Pesquisadores da Unesp alertam que o Brasil pode chegar à COP30 longe da meta de redução firmada em Glasgow

Faltando menos de um mês para a COP30 — a Conferência da ONU sobre Mudanças Climáticas — novos estudos reacenderam o alerta sobre o papel da pecuária brasileira nas emissões de gases de efeito estufa. Segundo levantamento divulgado pelo Observatório do Clima, o país registrou em 2023 um recorde nas emissões de gás metano, alcançando 20,8 milhões de toneladas, aumento de cerca de 6% em relação a 2020.
A maior parte desse volume vem do setor agropecuário, especialmente da chamada fermentação entérica — o popular “arroto do boi” — responsável por 75% do metano liberado no país. O problema é que o Brasil havia se comprometido, durante a COP26 em Glasgow (2021), a reduzir em 30% as emissões até 2030.
O gás metano tem um potencial de aquecimento 28 vezes maior que o dióxido de carbono (CO₂) e uma permanência na atmosfera que pode durar até 20 anos, o que o torna um dos grandes vilões do aquecimento global.
Pastagem de qualidade é parte da solução
De acordo com o professor Ricardo Reis, da Faculdade de Ciências Agrárias e Veterinárias da Unesp, em Jaboticabal, o caminho para reduzir as emissões passa por melhorar a produtividade e o manejo das pastagens.
“O grande problema é que boa parte dos pecuaristas ainda não entende a pastagem como uma cultura”, afirma Reis ao Jornal da Unesp. Segundo ele, o capim que alimenta o gado exige o mesmo cuidado técnico que a soja ou o milho. Quando o pasto é bem manejado, o animal consome capim de melhor qualidade, emite menos metano e o solo ainda captura carbono, equilibrando o impacto ambiental.
Pesquisas da Unesp indicam que a altura ideal do capim deve girar em torno de 25 cm, garantindo melhor fotossíntese e maior concentração de açúcares solúveis nas folhas. Isso melhora a digestão do animal e reduz a produção de metano.
Outra alternativa é o uso de suplementos alimentares sustentáveis, produzidos com resíduos agrícolas como milho, soja ou amendoim, que aumentam o ganho de peso e reduzem a pegada de carbono.
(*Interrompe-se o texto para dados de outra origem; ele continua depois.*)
(* Let $N\ge1$ and $K\ge4$ be integers and let $\gamma\in(0,1)$ satisfy $$\gamma\le\frac{1}{(F_{K+2}-3)(1+N/2)}.$$ Let $\mu_0,\sigma_0,\sigma\ge1$ satisfy $\frac{\sigma}{(\mu_0\sigma)^\gamma}\ge\sigma_0$, and define $$\lambda_k=\mu_0\sigma^{(F_{k+2}-2)+(F_{k+2}-3)N/2},\qquad \mu_k=\mu_0\sigma^{(F_{k+2}-2)+(F_{k+3}-3)N/2}\qquad(k=1,\dots,K-1),$$ $$\lambda_K=\mu_0\sigma^{(2F_K-2)+(F_{K+2}-3)N/2},\qquad \mu_K=\mu_0\sigma^{(2F_K-2)+(3F_K-3)N/2}.$$ Then the following conditions hold: $$\lambda_{k+1}^{1-\gamma}\ge\mu_k\sigma_0\ (k=0,\dots,K-1),\qquad \frac{\mu_1}{\lambda_1}\ge\Big(\frac{\lambda_1}{\mu_0}\Big)^N,$$ $$\frac{\mu_k}{\lambda_k}\ge\max\Big\{\Big(\frac{\lambda_k}{\mu_{k-1}}\frac{\lambda_{k-1}}{\mu_{k-2}}\Big)^{N/2},\ \frac{(\lambda_k/\mu_{k-1})^N(\lambda_{k-1}/\mu_{k-2})^{N/2}}{\mu_{k-1}/\lambda_{k-1}}\Big\}\quad(k=2,\dots,K-1),$$ $$\frac{\mu_K}{\lambda_K}\ge\max\Big\{\Big(\frac{\lambda_K}{\mu_{K-1}}\Big)^{N/2},\ \frac{(\lambda_K/\mu_{K-1})^N(\lambda_{K-1}/\mu_{K-2})^{N/2}}{\mu_{K-1}/\lambda_{K-1}}\Big\}.$$
   Context: $\{F_k\}_{k\ge0}$ is the Fibonacci sequence: $F_0=F_1=1$, $F_{k+2}=F_k+F_{k+1}$ for $k\ge0$. *)

theory Defs
  imports Complex_Main
begin

text \<open>Fibonacci sequence with the paper's convention F_0 = F_1 = 1.\<close>
fun F :: "nat \<Rightarrow> nat" where
  "F 0 = 1"
| "F (Suc 0) = 1"
| "F (Suc (Suc k)) = F k + F (Suc k)"

end

theory Submission
  imports Defs
begin

text \<open>
  Every \<lambda>_k and \<mu>_k is \<mu>_0 \<sigma>^e for an explicit exponent e, so every ratio in the
  conditions is a power of \<sigma> with a Fibonacci exponent: for 1 \<le> k < K one has
  \<lambda>_k / \<mu>_(k-1) = \<sigma>^F_k and \<mu>_k / \<lambda>_k = \<sigma>^(F_(k+1) N/2), while
  \<lambda>_K / \<mu>_(K-1) = \<sigma>^F_(K-2) and \<mu>_K / \<lambda>_K = \<sigma>^(F_(K-2) N/2).
  By the Fibonacci recurrence all ratio conditions then hold with equality.

  If \<lambda>_(k+1) = \<mu>_0 \<sigma>^e and \<lambda>_(k+1) / \<mu>_k = \<sigma>^a, the hypothesis
  \<sigma>_0 \<le> \<sigma> / (\<mu>_0 \<sigma>)^\<gamma> reduces the growth condition to \<gamma> (e - 1) \<le> a - 1.
  Since e - 1 \<le> (F_(K+2) - 3)(1 + N/2), the bound on \<gamma> makes the left side at most 1,
  while a \<ge> 2 except for k = 0, where both sides vanish.
\<close>

lemma F_Suc_mono: "F n \<le> F (Suc n)"
  by (induction n rule: F.induct) auto

lemma F_mono: "m \<le> n \<Longrightarrow> F m \<le> F n"
  by (rule lift_Suc_mono_le[of F]) (auto simp: F_Suc_mono)

lemma F_ge_2: "2 \<le> n \<Longrightarrow> 2 \<le> F n"
  using F_mono[of 2 n] by (simp add: eval_nat_numeral)

lemma two_F_le_F_Suc_Suc: "2 * F n \<le> F (n + 2)"
  using F_Suc_mono[of n] by simp

definition lam_exp :: "nat \<Rightarrow> nat \<Rightarrow> real" where
  "lam_exp N k = (real (F (k+2)) - 2) + (real (F (k+2)) - 3) * real N / 2"

definition mu_exp :: "nat \<Rightarrow> nat \<Rightarrow> real" where
  "mu_exp N k = (real (F (k+2)) - 2) + (real (F (k+3)) - 3) * real N / 2"

definition lam_exp_last :: "nat \<Rightarrow> nat \<Rightarrow> real" where
  "lam_exp_last N K = (2 * real (F K) - 2) + (real (F (K+2)) - 3) * real N / 2"

definition mu_exp_last :: "nat \<Rightarrow> nat \<Rightarrow> real" where
  "mu_exp_last N K = (2 * real (F K) - 2) + (3 * real (F K) - 3) * real N / 2"

lemma mu_exp_0 [simp]: "mu_exp N 0 = 0"
  by (simp add: mu_exp_def eval_nat_numeral)

lemma lam_exp_1: "lam_exp N 1 = 1"
  by (simp add: lam_exp_def eval_nat_numeral)

lemma lam_exp_Suc_diff_mu_exp: "lam_exp N (Suc k) - mu_exp N k = real (F (Suc k))"
  by (simp add: lam_exp_def mu_exp_def eval_nat_numeral)

lemma mu_exp_diff_lam_exp: "mu_exp N k - lam_exp N k = real (F (Suc k)) * real N / 2"
  by (simp add: lam_exp_def mu_exp_def eval_nat_numeral field_simps)

lemma lam_exp_last_diff_mu_exp:
  assumes "2 \<le> K"
  shows "lam_exp_last N K - mu_exp N (K - 1) = real (F (K - 2))"
proof -
  obtain k where K: "K = Suc (Suc k)"
    using assms by (metis add_2_eq_Suc le_Suc_ex)
  show ?thesis
    unfolding K by (simp add: lam_exp_last_def mu_exp_def eval_nat_numeral field_simps)
qed

lemma mu_exp_last_diff_lam_exp_last:
  assumes "2 \<le> K"
  shows "mu_exp_last N K - lam_exp_last N K = real (F (K - 2)) * real N / 2"
proof -
  obtain k where K: "K = Suc (Suc k)"
    using assms by (metis add_2_eq_Suc le_Suc_ex)
  show ?thesis
    unfolding K by (simp add: lam_exp_last_def mu_exp_last_def eval_nat_numeral field_simps)
qed

lemma lam_exp_minus_1: "lam_exp N k - 1 = (real (F (k+2)) - 3) * (1 + real N / 2)"
  by (simp add: lam_exp_def field_simps)

lemma lam_exp_last_minus_1_le: "lam_exp_last N K - 1 \<le> (real (F (K+2)) - 3) * (1 + real N / 2)"
proof -
  have "real (2 * F K) \<le> real (F (K+2))"
    using two_F_le_F_Suc_Suc by (simp only: of_nat_le_iff)
  then show ?thesis
    by (simp add: lam_exp_last_def field_simps)
qed

lemma lam_exp_growth:
  assumes "0 \<le> \<gamma>" "\<gamma> * ((real (F (K+2)) - 3) * (1 + real N / 2)) \<le> 1" "k + 1 \<le> K - 1"
  shows "\<gamma> * (lam_exp N (k+1) - 1) \<le> lam_exp N (k+1) - mu_exp N k - 1"
proof (cases "k = 0")
  case True
  then show ?thesis
    using lam_exp_1[of N] by simp
next
  case False
  have "F (k+3) \<le> F (K+2)"
    using assms(3) by (intro F_mono) simp
  then have "real (F (k+3)) \<le> real (F (K+2))"
    by (simp only: of_nat_le_iff)
  then have "lam_exp N (k+1) - 1 \<le> (real (F (K+2)) - 3) * (1 + real N / 2)"
    unfolding lam_exp_minus_1 by (intro mult_right_mono) (simp_all add: eval_nat_numeral)
  then have "\<gamma> * (lam_exp N (k+1) - 1) \<le> 1"
    using assms(1,2) mult_left_mono order_trans by blast
  moreover have "2 \<le> F (Suc k)"
    using False F_ge_2 by simp
  ultimately show ?thesis
    using lam_exp_Suc_diff_mu_exp[of N k] by simp
qed

lemma lam_exp_last_growth:
  assumes "0 \<le> \<gamma>" "\<gamma> * ((real (F (K+2)) - 3) * (1 + real N / 2)) \<le> 1" "4 \<le> K"
  shows "\<gamma> * (lam_exp_last N K - 1) \<le> lam_exp_last N K - mu_exp N (K - 1) - 1"
proof -
  have "\<gamma> * (lam_exp_last N K - 1) \<le> 1"
    using assms(1,2) lam_exp_last_minus_1_le mult_left_mono order_trans by blast
  moreover have "2 \<le> F (K - 2)"
    using assms(3) F_ge_2 by simp
  ultimately show ?thesis
    using assms(3) lam_exp_last_diff_mu_exp[of K N] by simp
qed

lemma mult_powr_le_powr_one_minus:
  fixes m s s0 g a b :: real
  assumes m: "m \<ge> 1" and s: "s \<ge> 1" and g: "g < 1"
    and s0: "s0 \<le> s / (m * s) powr g"
    and exps: "g * (a - 1) \<le> a - b - 1"
  shows "m * s powr b * s0 \<le> (m * s powr a) powr (1 - g)"
proof -
  have "m * s powr b * s0 \<le> m * s powr b * (s / (m * s) powr g)"
    using s0 m s by (intro mult_left_mono) auto
  also have "\<dots> = m powr (1 - g) * s powr (b + 1 - g)"
    using m s by (simp add: powr_diff powr_add powr_mult field_simps)
  also have "\<dots> \<le> m powr (1 - g) * s powr (a * (1 - g))"
    using s exps m by (intro mult_left_mono powr_mono) (auto simp: algebra_simps)
  also have "\<dots> = (m * s powr a) powr (1 - g)"
    using m s by (simp add: powr_mult powr_powr)
  finally show ?thesis .
qed

locale fibonacci_scales =
  fixes N K :: nat and \<sigma> :: real and lam mu :: "nat \<Rightarrow> real"
  assumes K: "K \<ge> 4" and \<sigma>: "\<sigma> \<ge> 1" and mu_0: "mu 0 \<ge> 1"
    and lam: "\<And>k. 1 \<le> k \<Longrightarrow> k \<le> K - 1 \<Longrightarrow> lam k = mu 0 * \<sigma> powr lam_exp N k"
    and mu: "\<And>k. 1 \<le> k \<Longrightarrow> k \<le> K - 1 \<Longrightarrow> mu k = mu 0 * \<sigma> powr mu_exp N k"
    and lam_last: "lam K = mu 0 * \<sigma> powr lam_exp_last N K"
    and mu_last: "mu K = mu 0 * \<sigma> powr mu_exp_last N K"
begin

(* Not usable as a simp rule: its right-hand side contains mu 0 again. *)
lemma mu_eq: "k \<le> K - 1 \<Longrightarrow> mu k = mu 0 * \<sigma> powr mu_exp N k"
  using mu[of k] \<sigma> by (cases "k = 0") auto

lemma mu_div_lam:
  assumes "1 \<le> k" "k \<le> K - 1"
  shows "mu k / lam k = \<sigma> powr (real (F (Suc k)) * real N / 2)"
proof -
  have "mu k / lam k = \<sigma> powr (mu_exp N k - lam_exp N k)"
    using assms mu_0 \<sigma> by (simp add: lam mu powr_diff)
  then show ?thesis
    by (simp only: mu_exp_diff_lam_exp)
qed

lemma lam_Suc_div_mu:
  assumes "Suc k \<le> K - 1"
  shows "lam (Suc k) / mu k = \<sigma> powr real (F (Suc k))"
proof -
  have "lam (Suc k) / mu k = \<sigma> powr (lam_exp N (Suc k) - mu_exp N k)"
    using assms mu_0 \<sigma> mu_eq[of k] by (simp add: lam powr_diff)
  then show ?thesis
    by (simp only: lam_exp_Suc_diff_mu_exp)
qed

lemma lam_last_div_mu: "lam K / mu (K - 1) = \<sigma> powr real (F (K - 2))"
proof -
  have "lam K / mu (K - 1) = \<sigma> powr (lam_exp_last N K - mu_exp N (K - 1))"
    using mu_0 \<sigma> K mu_eq[of "K - 1"] by (simp add: lam_last powr_diff)
  then show ?thesis
    using K lam_exp_last_diff_mu_exp[of K N] by simp
qed

lemma mu_last_div_lam_last: "mu K / lam K = \<sigma> powr (real (F (K - 2)) * real N / 2)"
proof -
  have "mu K / lam K = \<sigma> powr (mu_exp_last N K - lam_exp_last N K)"
    using mu_0 \<sigma> K by (simp add: lam_last mu_last powr_diff)
  then show ?thesis
    using K mu_exp_last_diff_lam_exp_last[of K N] by simp
qed

lemma growth_condition:
  assumes \<gamma>: "0 \<le> \<gamma>" "\<gamma> < 1" "\<gamma> \<le> 1 / ((real (F (K+2)) - 3) * (1 + real N / 2))"
    and \<sigma>0: "\<sigma>0 \<le> \<sigma> / (mu 0 * \<sigma>) powr \<gamma>"
    and k: "k \<le> K - 1"
  shows "mu k * \<sigma>0 \<le> lam (k+1) powr (1 - \<gamma>)"
proof -
  have "real (F 6) \<le> real (F (K+2))"
    using K F_mono[of 6 "K+2"] by simp
  then have "(real (F (K+2)) - 3) * (1 + real N / 2) > 0"
    by (simp add: eval_nat_numeral)
  with \<gamma>(3) have \<gamma>_bound: "\<gamma> * ((real (F (K+2)) - 3) * (1 + real N / 2)) \<le> 1"
    by (simp add: le_divide_eq)
  show ?thesis
  proof (cases "k = K - 1")
    case True
    then show ?thesis
      using mult_powr_le_powr_one_minus[OF mu_0 \<sigma> \<gamma>(2) \<sigma>0 lam_exp_last_growth[OF \<gamma>(1) \<gamma>_bound K]] K
        mu_eq[of k]
      by (simp add: lam_last)
  next
    case False
    then show ?thesis
      using mult_powr_le_powr_one_minus[OF mu_0 \<sigma> \<gamma>(2) \<sigma>0 lam_exp_growth[OF \<gamma>(1) \<gamma>_bound, of k]] k
        mu_eq[of k]
      by (simp add: lam)
  qed
qed

lemma first_ratio_condition: "(lam 1 / mu 0) powr real N \<le> mu 1 / lam 1"
  using K \<sigma> lam_Suc_div_mu[of 0] mu_div_lam[of 1] by (simp add: eval_nat_numeral powr_powr)

lemma middle_ratio_condition:
  assumes "2 \<le> k" "k \<le> K - 1"
  shows "max ((lam k / mu (k-1) * (lam (k-1) / mu (k-2))) powr (real N / 2))
             ((lam k / mu (k-1)) powr real N * (lam (k-1) / mu (k-2)) powr (real N / 2)
                / (mu (k-1) / lam (k-1)))
         \<le> mu k / lam k"
proof -
  obtain j where k: "k = Suc (Suc j)"
    using assms(1) by (metis add_2_eq_Suc le_Suc_ex)
  have "mu k / lam k = \<sigma> powr ((real (F (Suc j)) + real (F (Suc (Suc j)))) * real N / 2)"
    using assms mu_div_lam[of k] by (simp add: k)
  moreover have "lam k / mu (k-1) = \<sigma> powr real (F (Suc (Suc j)))"
    using assms lam_Suc_div_mu[of "Suc j"] by (simp add: k)
  moreover have "lam (k-1) / mu (k-2) = \<sigma> powr real (F (Suc j))"
    using assms lam_Suc_div_mu[of j] by (simp add: k)
  moreover have "mu (k-1) / lam (k-1) = \<sigma> powr (real (F (Suc (Suc j))) * real N / 2)"
    using assms mu_div_lam[of "Suc j"] by (simp add: k)
  ultimately show ?thesis
    by (simp add: powr_powr powr_add[symmetric] powr_diff[symmetric] algebra_simps add_divide_distrib)
qed

lemma last_ratio_condition:
  "max ((lam K / mu (K-1)) powr (real N / 2))
       ((lam K / mu (K-1)) powr real N * (lam (K-1) / mu (K-2)) powr (real N / 2)
          / (mu (K-1) / lam (K-1)))
   \<le> mu K / lam K"
proof -
  define j where "j = K - 2"
  have K_eq: "K = j + 2"
    using K by (simp add: j_def)
  have "lam (j+1) / mu j = \<sigma> powr real (F (Suc j))"
    using K K_eq lam_Suc_div_mu[of j] by simp
  moreover have "mu (j+1) / lam (j+1) = \<sigma> powr ((real (F j) + real (F (Suc j))) * real N / 2)"
    using K K_eq mu_div_lam[of "j+1"] by simp
  ultimately show ?thesis
    using lam_last_div_mu mu_last_div_lam_last K_eq
    by (simp add: powr_powr powr_add[symmetric] powr_diff[symmetric] algebra_simps add_divide_distrib)
qed

end

theorem proposition5p1:
  fixes N K :: nat and \<gamma> \<sigma>0 \<sigma> :: real and lam mu :: "nat \<Rightarrow> real"
  assumes N: "N \<ge> 1" and K: "K \<ge> 4"
    and g0: "0 < \<gamma>" and g1: "\<gamma> < 1"
    and gbound: "\<gamma> \<le> 1 / ((real (F (K+2)) - 3) * (1 + real N / 2))"
    and mu0: "mu 0 \<ge> 1" and s0: "\<sigma>0 \<ge> 1" and s: "\<sigma> \<ge> 1"
    and ratio: "\<sigma> / (mu 0 * \<sigma>) powr \<gamma> \<ge> \<sigma>0"
    and lam_def: "\<And>k. 1 \<le> k \<Longrightarrow> k \<le> K - 1 \<Longrightarrow>
       lam k = mu 0 * \<sigma> powr ((real (F (k+2)) - 2) + (real (F (k+2)) - 3) * real N / 2)"
    and mu_def: "\<And>k. 1 \<le> k \<Longrightarrow> k \<le> K - 1 \<Longrightarrow>
       mu k = mu 0 * \<sigma> powr ((real (F (k+2)) - 2) + (real (F (k+3)) - 3) * real N / 2)"
    and lamK: "lam K = mu 0 * \<sigma> powr ((2 * real (F K) - 2) + (real (F (K+2)) - 3) * real N / 2)"
    and muK: "mu K = mu 0 * \<sigma> powr ((2 * real (F K) - 2) + (3 * real (F K) - 3) * real N / 2)"
  shows "(\<forall>k \<le> K - 1. lam (k+1) powr (1 - \<gamma>) \<ge> mu k * \<sigma>0)
    \<and> mu 1 / lam 1 \<ge> (lam 1 / mu 0) powr real N
    \<and> (\<forall>k. 2 \<le> k \<and> k \<le> K - 1 \<longrightarrow>
          mu k / lam k \<ge> max ((lam k / mu (k-1) * (lam (k-1) / mu (k-2))) powr (real N / 2))
                              ((lam k / mu (k-1)) powr real N * (lam (k-1) / mu (k-2)) powr (real N / 2)
                                 / (mu (k-1) / lam (k-1))))
    \<and> mu K / lam K \<ge> max ((lam K / mu (K-1)) powr (real N / 2))
                          ((lam K / mu (K-1)) powr real N * (lam (K-1) / mu (K-2)) powr (real N / 2)
                             / (mu (K-1) / lam (K-1)))"
proof -
  interpret fibonacci_scales N K \<sigma> lam mu
    by unfold_locales
      (simp_all add: K s mu0 lam_def mu_def lamK muK
        lam_exp_def mu_exp_def lam_exp_last_def mu_exp_last_def)
  show ?thesis
    using growth_condition[OF less_imp_le[OF g0] g1 gbound ratio] first_ratio_condition
      middle_ratio_condition last_ratio_condition
    by auto
qed

end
Sistemas integrados e produção sustentável

O pesquisador também destaca os sistemas integrados de produção, que reúnem em um mesmo espaço gado, lavoura e até florestas. Além de capturar carbono no solo, o modelo diversifica a renda do produtor e melhora o conforto térmico dos animais. “O Brasil é líder mundial na adoção desses sistemas”, reforça Reis.
Cálculo do rebanho brasileiro é contestado
Enquanto isso, outro estudo, conduzido pelo engenheiro agrônomo Abmael Cardoso, também egresso da Unesp, questiona a metodologia usada pelo IBGE para estimar o tamanho do rebanho bovino nacional, hoje calculado em 238 milhões de cabeças.
Cardoso explica que os critérios do INCRA, baseados na taxa de lotação (número de animais por área), incentivam produtores a declararem mais gado do que realmente possuem, com medo de terem suas propriedades classificadas como improdutivas. Isso inflaria os números oficiais e, consequentemente, superestimaria as emissões de metano do país.
Em 2017, por exemplo, o Censo Agropecuário apontava 172,7 milhões de cabeças, enquanto a Pesquisa Pecuária Municipal do mesmo ano indicava 214,9 milhões — uma diferença de mais de 40 milhões de animais.
Para Cardoso, o rebanho real em 2024 estaria em torno de 196 milhões de cabeças, número 8,8% menor que o do IBGE. Essa metodologia é a mesma utilizada por entidades como a ABIEC e a ApexBrasil.
Menos gado, mais produtividade
Apesar da divergência nos números, o pesquisador concorda que aumentar a produtividade é essencial para reduzir o metano. Segundo ele, o Brasil vem avançando no manejo e nas políticas públicas voltadas para a qualidade das pastagens, mas precisa ir além:
“É preciso focar na produtividade na fase de cria, entre o nascimento e o desmame do bezerro. Isso muda a composição do rebanho, resultando em menos animais e menor emissão de metano”, conclui Cardoso.
Com a COP30 se aproximando, o desafio é conciliar os compromissos internacionais com a realidade do campo — e ajustar as métricas que medem o impacto ambiental da pecuária brasileira.